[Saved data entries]
(* Let $\alpha,\beta,\gamma$ be independent random variables, and let $\hat\alpha,\hat\beta$ be random variables with the same distributions as $\alpha$ and $\beta$ respectively, such that $\alpha,\beta,\gamma,\hat\alpha,\hat\beta$ are mutually independent. Let $p(a|\beta,\gamma)$, $p(b|\alpha,\gamma)$, $p(c|\alpha,\beta)$ be arbitrary conditional distributions (response functions) with $a,b,c\in\{0,1\}$. Define $P_{obs}(a,b,c)=\mathbb E\,[p(a|\beta,\gamma)p(b|\alpha,\gamma)p(c|\alpha,\beta)]$, $P^{\beta}_{int}(a,b,c)=\mathbb E\,[p(a|\hat\beta,\gamma)p(b|\alpha,\gamma)p(c|\alpha,\beta)]$, $P^{\alpha}_{int}(a,b,c)=\mathbb E\,[p(a|\beta,\gamma)p(b|\hat\alpha,\gamma)p(c|\alpha,\beta)]$, $P^{\alpha\beta}_{int}(a,b,c)=\mathbb E\,[p(a|\hat\beta,\gamma)p(b|\hat\alpha,\gamma)p(c|\alpha,\beta)]$, the expectation being over $\alpha,\beta,\gamma,\hat\alpha,\hat\beta$. Set $E^1_{obs}=P_{obs}(a=b,c=1)-P_{obs}(a\neq b,c=1)$, $E^1_{\beta}=P^{\beta}_{int}(a=b,c=1)-P^{\beta}_{int}(a\neq b,c=1)$, $E^1_{\alpha}=P^{\alpha}_{int}(a=b,c=1)-P^{\alpha}_{int}(a\neq b,c=1)$, and $E_{\alpha\beta}=P^{\alpha\beta}_{int}(a=b)-P^{\alpha\beta}_{int}(a\neq b)$. Then $$S:=E_{\alpha\beta}\,P_{obs}(c=1)+2P_{obs}(c=1)-E^1_{obs}-E^1_{\alpha}-E^1_{\beta}\ \ge\ 0.$$
   Context: This is the classical (local) triangle network with binary outputs: Alice's output $a$ depends on $(\beta,\gamma)$, Bob's $b$ on $(\alpha,\gamma)$, Charlie's $c$ on $(\alpha,\beta)$. The distributions $P^{\beta}_{int}$, $P^{\alpha}_{int}$, $P^{\alpha\beta}_{int}$ model "latent splitting" of the edges $\beta\to A$, $\alpha\to B$, or both: the affected party receives an independent copy of the source variable instead of the original one. Marginals such as $P(a=b,c=1)$ mean $\sum_{a=b}P(a,b,1)$. *)

theory Defs
  imports "HOL-Probability.Probability"
begin

text \<open>Joint sample space of (alpha, beta, gamma, alpha-hat, beta-hat): product of
  independent copies, alpha-hat distributed as alpha and beta-hat as beta.\<close>
definition Omega :: "'a measure \<Rightarrow> 'b measure \<Rightarrow> 'g measure \<Rightarrow> ('a \<times> 'b \<times> 'g \<times> 'a \<times> 'b) measure" where
  "Omega A B G = A \<Otimes>\<^sub>M (B \<Otimes>\<^sub>M (G \<Otimes>\<^sub>M (A \<Otimes>\<^sub>M B)))"

text \<open>Response functions: pa a beta gamma = p(a|beta,gamma), pb b alpha gamma, pc c alpha beta.\<close>

definition Pobs :: "'a measure \<Rightarrow> 'b measure \<Rightarrow> 'g measure \<Rightarrow> (nat \<Rightarrow> 'b \<Rightarrow> 'g \<Rightarrow> real)
    \<Rightarrow> (nat \<Rightarrow> 'a \<Rightarrow> 'g \<Rightarrow> real) \<Rightarrow> (nat \<Rightarrow> 'a \<Rightarrow> 'b \<Rightarrow> real) \<Rightarrow> nat \<Rightarrow> nat \<Rightarrow> nat \<Rightarrow> real" where
  "Pobs A B G pa pb pc a b c =
     (\<integral>\<omega>. (case \<omega> of (x, y, z, x', y') \<Rightarrow> pa a y z * pb b x z * pc c x y) \<partial>Omega A B G)"

definition Pint_beta :: "'a measure \<Rightarrow> 'b measure \<Rightarrow> 'g measure \<Rightarrow> (nat \<Rightarrow> 'b \<Rightarrow> 'g \<Rightarrow> real)
    \<Rightarrow> (nat \<Rightarrow> 'a \<Rightarrow> 'g \<Rightarrow> real) \<Rightarrow> (nat \<Rightarrow> 'a \<Rightarrow> 'b \<Rightarrow> real) \<Rightarrow> nat \<Rightarrow> nat \<Rightarrow> nat \<Rightarrow> real" where
  "Pint_beta A B G pa pb pc a b c =
     (\<integral>\<omega>. (case \<omega> of (x, y, z, x', y') \<Rightarrow> pa a y' z * pb b x z * pc c x y) \<partial>Omega A B G)"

▶ EXERCISE INSTRUCTIONS:
The stretch of entries above that starts with the line containing "text \<open>Joint sample" and goes on through the line containing "A \<Otimes>\<^sub>M (B" is to be transcribed exactly, and no other line is to be transcribed.

▶ OUTPUT OF THE TASK:
text \<open>Joint sample space of (alpha, beta, gamma, alpha-hat, beta-hat): product of
  independent copies, alpha-hat distributed as alpha and beta-hat as beta.\<close>
definition Omega :: "'a measure \<Rightarrow> 'b measure \<Rightarrow> 'g measure \<Rightarrow> ('a \<times> 'b \<times> 'g \<times> 'a \<times> 'b) measure" where
  "Omega A B G = A \<Otimes>\<^sub>M (B \<Otimes>\<^sub>M (G \<Otimes>\<^sub>M (A \<Otimes>\<^sub>M B)))"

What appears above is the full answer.